Asmodeus is evil. He benefits off evil but structures it into a strict domain. Demons are chaotic evil because they have no structure and only strength is power.

Unaligned pretty much encompasses everything that players who hate being confined to a single alignment wants. An unaligned character won't go out of their way to help people like a good aligned character but they're above cheating and rampant killing.


Once considered subjective, these issues go away and it becomes useful shorthand, IMO.
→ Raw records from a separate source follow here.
(* Let $A=A_1\otimes A_2$ and let $\{U_1,\dots,U_L\}$ be a $(k,\varepsilon)$-QC-extractor on $A$ with $k\le\log|A|-1$. Then $L\ge 1/\varepsilon$.
   Context: All Hilbert spaces are finite-dimensional; $\log$ is base 2; $n=\log|A|$. For $\rho_{AB}$ and $\sigma_B$ a density operator, $H_{\min}(A|B)_{\rho|\sigma}=\max\{\lambda: 2^{-\lambda}\mathbb I_A\otimes\sigma_B\ge\rho_{AB}\}$ and $H_{\min}(A|B)_\rho=\max_{\sigma_B}H_{\min}(A|B)_{\rho|\sigma}$. Fix computational bases $\{|a_1\rangle\}$ of $A_1$, $\{|a_2\rangle\}$ of $A_2$; $\mathcal T_{A\to A_1}(X)=\sum_{a_1,a_2}\langle a_1a_2|X|a_1a_2\rangle|a_1\rangle\langle a_1|$. For $k\in[-n,n]$, $\varepsilon\in[0,1]$, a $(k,\varepsilon)$-QC-extractor is a set $\{U_1,\dots,U_L\}$ of unitaries on $A$ such that for every finite-dimensional $E$ and every density operator $\rho_{AE}$ with $H_{\min}(A|E)_\rho\ge k$, $\frac1L\sum_i\|\mathcal T(U_i\rho_{AE}U_i^\dagger)-\frac{\mathbb I_{A_1}}{|A_1|}\otimes\rho_E\|_1\le\varepsilon$. *)

theory Defs
  imports "Jordan_Normal_Form.Char_Poly"
begin

(* Operators on finite-dimensional Hilbert spaces C^d are complex d x d matrices.
   Tensor products use the Kronecker product; multi-index (a1,a2,e) of
   A1 (x) A2 (x) E is encoded as (a1 * |A2| + a2) * |E| + e. *)

definition adj :: "complex mat \<Rightarrow> complex mat" where
  "adj X = mat (dim_col X) (dim_row X) (\<lambda>(i,j). cnj (X $$ (j,i)))"

definition tr :: "complex mat \<Rightarrow> complex" where
  "tr X = (\<Sum>i<dim_row X. X $$ (i,i))"

definition kron :: "complex mat \<Rightarrow> complex mat \<Rightarrow> complex mat" where
  "kron X Y = mat (dim_row X * dim_row Y) (dim_col X * dim_col Y)
     (\<lambda>(i,j). X $$ (i div dim_row Y, j div dim_col Y) * Y $$ (i mod dim_row Y, j mod dim_col Y))"

definition psd :: "nat \<Rightarrow> complex mat \<Rightarrow> bool" where
  "psd d M \<longleftrightarrow> M \<in> carrier_mat d d \<and>
     (\<forall>v \<in> carrier_vec d. let z = (\<Sum>i<d. \<Sum>j<d. cnj (v $ i) * M $$ (i,j) * v $ j)
                           in Im z = 0 \<and> Re z \<ge> 0)"

definition density :: "nat \<Rightarrow> complex mat \<Rightarrow> bool" where
  "density d M \<longleftrightarrow> psd d M \<and> tr M = 1"

definition unitary :: "nat \<Rightarrow> complex mat \<Rightarrow> bool" where
  "unitary d U \<longleftrightarrow> U \<in> carrier_mat d d \<and> U * adj U = 1\<^sub>m d \<and> adj U * U = 1\<^sub>m d"

(* Schatten 1-norm: sum of the singular values, i.e. of the square roots of the
   eigenvalues (with algebraic multiplicity) of X^dagger X *)
definition trace_norm :: "complex mat \<Rightarrow> real" where
  "trace_norm X = (let p = char_poly (adj X * X) in
     (\<Sum>z \<in> {z. poly p z = 0}. real (order z p) * sqrt (Re z)))"

(* conditional min-entropy H_min(A|E)_rho for rho on A (x) E, |A| = dA, |E| = dE:
   supremum of lambda over all density sigma_E with 2^-lambda I_A (x) sigma_E >= rho *)
definition hmin :: "nat \<Rightarrow> nat \<Rightarrow> complex mat \<Rightarrow> real" where
  "hmin dA dE \<rho> = Sup {lam. \<exists>\<sigma>. density dE \<sigma> \<and>
      psd (dA * dE) (complex_of_real (2 powr (- lam)) \<cdot>\<^sub>m kron (1\<^sub>m dA) \<sigma> - \<rho>)}"

definition ptrace_A :: "nat \<Rightarrow> nat \<Rightarrow> complex mat \<Rightarrow> complex mat" where
  "ptrace_A dA dE X = mat dE dE (\<lambda>(e,e'). \<Sum>a<dA. X $$ (a * dE + e, a * dE + e'))"

(* (T_{A -> A1} (x) id_E) X : measure A1 in the computational basis, trace out A2 *)
definition T_map :: "nat \<Rightarrow> nat \<Rightarrow> nat \<Rightarrow> complex mat \<Rightarrow> complex mat" where
  "T_map d1 d2 dE X = mat (d1 * dE) (d1 * dE) (\<lambda>(i,j).
     if i div dE = j div dE
     then (\<Sum>a2<d2. X $$ (((i div dE) * d2 + a2) * dE + i mod dE,
                          ((j div dE) * d2 + a2) * dE + j mod dE))
     else 0)"

definition qc_extractor :: "nat \<Rightarrow> nat \<Rightarrow> real \<Rightarrow> real \<Rightarrow> complex mat list \<Rightarrow> bool" where
  "qc_extractor d1 d2 k \<epsilon> Us \<longleftrightarrow>
     (let n = log 2 (real (d1 * d2)) in - n \<le> k \<and> k \<le> n) \<and> 0 \<le> \<epsilon> \<and> \<epsilon> \<le> 1 \<and>
     Us \<noteq> [] \<and> (\<forall>U \<in> set Us. unitary (d1 * d2) U) \<and>
     (\<forall>(dE::nat) \<rho>. density (d1 * d2 * dE) \<rho> \<and> hmin (d1 * d2) dE \<rho> \<ge> k \<longrightarrow>
        (1 / real (length Us)) *
          (\<Sum>U \<leftarrow> Us. trace_norm
             (T_map d1 d2 dE (kron U (1\<^sub>m dE) * \<rho> * adj (kron U (1\<^sub>m dE)))
              - kron ((1 / of_nat d1) \<cdot>\<^sub>m 1\<^sub>m d1) (ptrace_A (d1 * d2) dE \<rho>)))
        \<le> \<epsilon>)"

end

theory Submission
  imports Defs
begin

text \<open>
  Let U be the first unitary of the extractor, let E be a qubit and
  \<tau> = |A|^-1 sum_a |a><a| (x) |phi_a1><phi_a1|, where phi_j = (|0> + w^j |1>) / sqrt 2 for a
  primitive |A1|-th root of unity w. Since \<tau> <= |A|^-1 1 = 2^-(log |A| - 1) 1_A (x) 1_E / 2,
  the state \<rho> = (U (x) 1)^* \<tau> (U (x) 1) has H_min(A|E) >= log |A| - 1 >= k, so the
  extractor must handle it. But U maps \<rho> back to \<tau>, where E records the outcome a1 of
  measuring A1 in the qubit state phi_a1, whereas the marginal of E is 1_E / 2 because the
  roots of unity sum to zero. The difference from the ideal output has trace norm exactly 1,
  and the other unitaries contribute nonnegative terms to the average, so 1 / L <= epsilon.
\<close>

lemma sum_lessThan_mult:
  fixes m n :: nat
  shows "(\<Sum>i<m * n. f i) = (\<Sum>x<m. \<Sum>y<n. f (x * n + y) :: 'a :: comm_monoid_add)"
  by (simp add: sum.nat_group[symmetric] sum.atLeastLessThan_shift_0 atLeast0LessThan comp_def)

lemma mult_add_less_mult: "x < m \<Longrightarrow> y < n \<Longrightarrow> x * n + y < m * (n :: nat)"
proof -
  assume "x < m" "y < n"
  then have "x * n + y < Suc x * n" by simp
  also have "\<dots> \<le> m * n" using \<open>x < m\<close> by (intro mult_right_mono) auto
  finally show ?thesis .
qed

lemma div_mod_less_mult:
  assumes "i < m * (n :: nat)" shows "i div n < m" "i mod n < n"
proof -
  have "n > 0" using assms by (auto intro: gr0I)
  then show "i div n < m" "i mod n < n"
    using assms by (auto simp: less_mult_imp_div_less mult.commute)
qed

lemma adj_dims [simp]: "dim_row (adj A) = dim_col A" "dim_col (adj A) = dim_row A"
  by (simp_all add: adj_def)

lemma adj_index [simp]: "i < dim_col A \<Longrightarrow> j < dim_row A \<Longrightarrow> adj A $$ (i, j) = cnj (A $$ (j, i))"
  by (simp add: adj_def)

lemma adj_carrier [simp]: "A \<in> carrier_mat n m \<Longrightarrow> adj A \<in> carrier_mat m n"
  unfolding carrier_mat_def by simp

lemma adj_one [simp]: "adj (1\<^sub>m n) = 1\<^sub>m n"
  by (rule eq_matI) auto

lemma kron_dims [simp]:
  "dim_row (kron A B) = dim_row A * dim_row B" "dim_col (kron A B) = dim_col A * dim_col B"
  by (simp_all add: kron_def)

lemma kron_carrier [simp]:
  "A \<in> carrier_mat n1 n2 \<Longrightarrow> B \<in> carrier_mat m1 m2 \<Longrightarrow> kron A B \<in> carrier_mat (n1 * m1) (n2 * m2)"
  unfolding carrier_mat_def by simp

lemma kron_index:
  "i < dim_row A * dim_row B \<Longrightarrow> j < dim_col A * dim_col B \<Longrightarrow>
   kron A B $$ (i, j) = A $$ (i div dim_row B, j div dim_col B) * B $$ (i mod dim_row B, j mod dim_col B)"
  by (simp add: kron_def)

lemma kron_mult:
  assumes A: "A \<in> carrier_mat n1 n2" and B: "B \<in> carrier_mat m1 m2"
    and C: "C \<in> carrier_mat n2 n3" and D: "D \<in> carrier_mat m2 m3"
  shows "kron A B * kron C D = kron (A * C) (B * D)"
proof (rule eq_matI)
  fix i j assume "i < dim_row (kron (A * C) (B * D))" "j < dim_col (kron (A * C) (B * D))"
  then have i: "i < n1 * m1" and j: "j < n3 * m3" using A B C D by auto
  have "(kron A B * kron C D) $$ (i, j) = (\<Sum>k<n2 * m2. kron A B $$ (i, k) * kron C D $$ (k, j))"
    using A B C D i j by (simp add: scalar_prod_def lessThan_atLeast0)
  also have "\<dots> = (\<Sum>x<n2. \<Sum>y<m2. (A $$ (i div m1, x) * C $$ (x, j div m3)) * (B $$ (i mod m1, y) * D $$ (y, j mod m3)))"
    unfolding sum_lessThan_mult
  proof (intro sum.cong refl)
    fix x y assume "x \<in> {..<n2}" "y \<in> {..<m2}"
    then have "x * m2 + y < n2 * m2" "(x * m2 + y) div m2 = x" "(x * m2 + y) mod m2 = y"
      by (auto intro: mult_add_less_mult)
    then show "kron A B $$ (i, x * m2 + y) * kron C D $$ (x * m2 + y, j) =
        (A $$ (i div m1, x) * C $$ (x, j div m3)) * (B $$ (i mod m1, y) * D $$ (y, j mod m3))"
      using A B C D i j by (simp add: kron_index mult_ac)
  qed
  also have "\<dots> = (\<Sum>x<n2. A $$ (i div m1, x) * C $$ (x, j div m3)) * (\<Sum>y<m2. B $$ (i mod m1, y) * D $$ (y, j mod m3))"
    by (simp add: sum_product)
  also have "\<dots> = kron (A * C) (B * D) $$ (i, j)"
    using A B C D i j div_mod_less_mult[OF i] div_mod_less_mult[OF j]
    by (simp add: kron_index scalar_prod_def lessThan_atLeast0)
  finally show "(kron A B * kron C D) $$ (i, j) = kron (A * C) (B * D) $$ (i, j)" .
qed (use A B C D in auto)

lemma adj_kron: "adj (kron A B) = kron (adj A) (adj B)"
proof (rule eq_matI)
  fix i j assume "i < dim_row (kron (adj A) (adj B))" "j < dim_col (kron (adj A) (adj B))"
  then have i: "i < dim_col A * dim_col B" and j: "j < dim_row A * dim_row B" by auto
  show "adj (kron A B) $$ (i, j) = kron (adj A) (adj B) $$ (i, j)"
    using i j div_mod_less_mult[OF i] div_mod_less_mult[OF j] by (simp add: kron_index)
qed auto

lemma kron_one: "kron (1\<^sub>m n) (1\<^sub>m m) = 1\<^sub>m (n * m)"
proof (rule eq_matI)
  fix i j assume "i < dim_row (1\<^sub>m (n * m))" "j < dim_col (1\<^sub>m (n * m))"
  then have i: "i < n * m" and j: "j < n * m" by auto
  have "i = j \<longleftrightarrow> i div m = j div m \<and> i mod m = j mod m"
    by (metis div_mult_mod_eq)
  then show "kron (1\<^sub>m n) (1\<^sub>m m) $$ (i, j) = 1\<^sub>m (n * m) $$ (i, j)"
    using i j div_mod_less_mult[OF i] div_mod_less_mult[OF j] by (simp add: kron_index)
qed auto

lemma smult_smult_mat: "a \<cdot>\<^sub>m (b \<cdot>\<^sub>m A) = (a * b :: 'a :: semigroup_mult) \<cdot>\<^sub>m A"
  by (rule eq_matI) (auto simp: mult.assoc)

lemma tr_one [simp]: "tr (1\<^sub>m n) = of_nat n"
  by (simp add: tr_def)

lemma tr_minus: "A \<in> carrier_mat n n \<Longrightarrow> B \<in> carrier_mat n n \<Longrightarrow> tr (A - B) = tr A - tr B"
  by (simp add: tr_def sum_subtractf)

lemma tr_smult: "A \<in> carrier_mat n n \<Longrightarrow> tr (c \<cdot>\<^sub>m A) = c * tr A"
  by (simp add: tr_def sum_distrib_left)

lemma tr_mult_comm:
  assumes A: "A \<in> carrier_mat n m" and B: "B \<in> carrier_mat m n"
  shows "tr (A * B) = tr (B * A)"
proof -
  have "tr (A * B) = (\<Sum>i<n. \<Sum>k<m. A $$ (i, k) * B $$ (k, i))"
    using A B by (simp add: tr_def scalar_prod_def lessThan_atLeast0)
  also have "\<dots> = (\<Sum>k<m. \<Sum>i<n. B $$ (k, i) * A $$ (i, k))"
    by (subst sum.swap) (simp add: mult.commute)
  also have "\<dots> = tr (B * A)"
    using A B by (simp add: tr_def scalar_prod_def lessThan_atLeast0)
  finally show ?thesis .
qed

lemma tr_kron:
  assumes A: "A \<in> carrier_mat n n" and B: "B \<in> carrier_mat m m"
  shows "tr (kron A B) = tr A * tr B"
proof -
  have "tr (kron A B) = (\<Sum>x<n. \<Sum>y<m. kron A B $$ (x * m + y, x * m + y))"
    using A B by (simp add: tr_def sum_lessThan_mult)
  also have "\<dots> = (\<Sum>x<n. \<Sum>y<m. A $$ (x, x) * B $$ (y, y))"
    using A B by (intro sum.cong refl) (simp add: kron_index mult_add_less_mult)
  also have "\<dots> = tr A * tr B"
    using A B by (simp add: tr_def sum_product)
  finally show ?thesis .
qed

lemma unitary_kron_one:
  assumes "unitary n U" shows "unitary (n * m) (kron U (1\<^sub>m m))"
proof -
  have U: "U \<in> carrier_mat n n" and UU: "U * adj U = 1\<^sub>m n" "adj U * U = 1\<^sub>m n"
    using assms by (auto simp: unitary_def)
  have "kron U (1\<^sub>m m) * adj (kron U (1\<^sub>m m)) = kron (U * adj U) (1\<^sub>m m * 1\<^sub>m m)"
    unfolding adj_kron adj_one by (rule kron_mult[OF U one_carrier_mat adj_carrier[OF U] one_carrier_mat])
  moreover have "adj (kron U (1\<^sub>m m)) * kron U (1\<^sub>m m) = kron (adj U * U) (1\<^sub>m m * 1\<^sub>m m)"
    unfolding adj_kron adj_one by (rule kron_mult[OF adj_carrier[OF U] one_carrier_mat U one_carrier_mat])
  ultimately show ?thesis
    using U unfolding unitary_def UU by (simp add: kron_one)
qed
But the difficulties in 3E is that powers use alignment to determine certain things. If you want to play a certain character then you're shoehorned into their alignment if there is a restriction.

Captain Alien
2009-07-23, 04:20 PM
Well, everybody acts within an alignment, either in D&D or in real life. In D&D, characters have less personality than real people have because the players are not usually novelists. But anyone has a D&D alignment, because they cover every ethic. Even when you are not certain about someone's alignment, he or she has one.

When it is said that ethics in real world are more "grey" than "black or white", they are right. D&D is more idealistic, so you can easily find Lawful characters or Chaotic characters, while in real life poeple tend to neutrality.

Devils_Advocate
2009-07-24, 05:33 PM
There's no problem at all with characters of the same alignment being different from each other. To prevent that, you'd need to have a different alignment for every individual!
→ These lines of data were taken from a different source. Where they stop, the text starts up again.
lemma bump_powr_sum_le:
  assumes a: "a > 0" and t: "0 \<le> t" "t < 1"
  shows "bump t * \<bar>t\<bar> powr a + bump (t - 1) * \<bar>t - 1\<bar> powr a \<le> contraction_factor a"
proof -
  have s: "bump t + bump (t - 1) = 1" using bump_add_bump_shift t by simp
  have p1: "bump t \<ge> 0" "bump (t - 1) \<ge> 0" using bump_nonneg by auto
  have le1: "\<bar>t\<bar> powr a \<le> 1" "\<bar>t - 1\<bar> powr a \<le> 1" using t a by (auto intro!: powr_le1)
  show ?thesis
  proof (cases "t \<le> 1/2")
    case True
    have h: "bump t \<ge> 1/2" using bump_ge_half True t by simp
    have "\<bar>t\<bar> powr a \<le> (1/2) powr a" using True t a by (intro powr_mono2) auto
    then have "bump t * \<bar>t\<bar> powr a + bump (t - 1) * \<bar>t - 1\<bar> powr a \<le> bump t * (1/2) powr a + bump (t - 1) * 1"
      using p1 le1 by (intro add_mono mult_left_mono) auto
    also have "\<dots> = 1 - bump t * (1 - (1/2) powr a)" using s by (simp add: algebra_simps)
    also have "\<dots> \<le> 1 - 1/2 * (1 - (1/2) powr a)"
      using h le1 powr_le1[of a "1/2"] a by (intro diff_left_mono mult_right_mono) auto
    also have "\<dots> = contraction_factor a" by (simp add: contraction_factor_def field_simps)
    finally show ?thesis .
  next
    case False
    have h: "bump (t - 1) \<ge> 1/2" using bump_shift_ge_half False t by simp
    have "\<bar>t - 1\<bar> powr a \<le> (1/2) powr a" using False t a by (intro powr_mono2) auto
    then have "bump t * \<bar>t\<bar> powr a + bump (t - 1) * \<bar>t - 1\<bar> powr a \<le> bump t * 1 + bump (t - 1) * (1/2) powr a"
      using p1 le1 by (intro add_mono mult_left_mono) auto
    also have "\<dots> = 1 - bump (t - 1) * (1 - (1/2) powr a)" using s by (simp add: algebra_simps)
    also have "\<dots> \<le> 1 - 1/2 * (1 - (1/2) powr a)"
      using h le1 powr_le1[of a "1/2"] a by (intro diff_left_mono mult_right_mono) auto
    also have "\<dots> = contraction_factor a" by (simp add: contraction_factor_def field_simps)
    finally show ?thesis .
  qed
qed

lemma bump_le_quadratic:
  assumes "\<bar>r0\<bar> = 1"
  shows "bump y \<le> (pi / 2)\<^sup>2 * (y - r0)\<^sup>2"
proof (cases "\<bar>y\<bar> < 1")
  case True
  have "cos (pi * y / 2) = cos (pi * \<bar>y\<bar> / 2)" by (cases "y \<ge> 0") auto
  also have "\<dots> = sin (pi / 2 * (1 - \<bar>y\<bar>))"
  proof -
    have "cos (pi * \<bar>y\<bar> / 2) = sin (pi / 2 - pi * \<bar>y\<bar> / 2)" using cos_sin_eq[of "pi * \<bar>y\<bar> / 2"] by simp
    also have "\<dots> = sin (pi / 2 * (1 - \<bar>y\<bar>))" by (rule arg_cong[where f=sin]) (simp add: field_simps)
    finally show ?thesis .
  qed
  finally have e: "cos (pi * y / 2) = sin (pi / 2 * (1 - \<bar>y\<bar>))" .
  have "\<bar>sin (pi / 2 * (1 - \<bar>y\<bar>))\<bar> \<le> \<bar>pi / 2 * (1 - \<bar>y\<bar>)\<bar>" by (rule abs_sin_x_le_abs_x)
  also have "\<dots> \<le> pi / 2 * \<bar>y - r0\<bar>"
  proof -
    have a: "0 \<le> 1 - \<bar>y\<bar>" using True by simp
    have b: "1 - \<bar>y\<bar> \<le> \<bar>y - r0\<bar>" using assms True by (cases "r0 = 1") auto
    have "\<bar>pi / 2 * (1 - \<bar>y\<bar>)\<bar> = pi / 2 * (1 - \<bar>y\<bar>)" using a by (simp add: abs_mult)
    also have "\<dots> \<le> pi / 2 * \<bar>y - r0\<bar>" using b by (intro mult_left_mono) auto
    finally show ?thesis .
  qed
  finally have "\<bar>cos (pi * y / 2)\<bar> \<le> pi / 2 * \<bar>y - r0\<bar>" using e by simp
  then have "\<bar>cos (pi * y / 2)\<bar>\<^sup>2 \<le> (pi / 2 * \<bar>y - r0\<bar>)\<^sup>2" by (intro power_mono) auto
  also have "(pi / 2 * \<bar>y - r0\<bar>)\<^sup>2 = (pi / 2)\<^sup>2 * (y - r0)\<^sup>2" unfolding power_mult_distrib power2_abs ..
  finally show ?thesis using True by (simp add: bump_def)
qed (simp add: bump_def)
The three types of Neutrality mentioned don't lack something in common. All of them are neither excessively Good nor excessively Evil. That's what "Neutral" means.

It sounds like you might prefer allegiances to alignments, though. (Allegiances describe what a character is dedicated to: Law, Balance, Greyhawk, Mom, Me!, A Free Market, whatever.)

Thrax
2009-07-24, 07:20 PM
I know what I've got wrong. Alignment is not just a short way of describing character's personality - it describes the "karmic" result of their actions. Thus, the Shiva worshipper of my campaign and his king buddy will commit approximately the same number of lawful acts, and equal number of good and evil acts.

AstralFire
2009-07-24, 07:47 PM
I know what I've got wrong. Alignment is not just a short way of describing character's personality - it describes the "karmic" result of their actions. Thus, the Shiva worshipper of my campaign and his king buddy will commit approximately the same number of lawful acts, and equal number of good and evil acts.

Actually, it is a short way of describing (one aspect of) your personality. One LN can commit lots of good and evil acts both but is consistently lawful, while another strictly avoids good versus evil.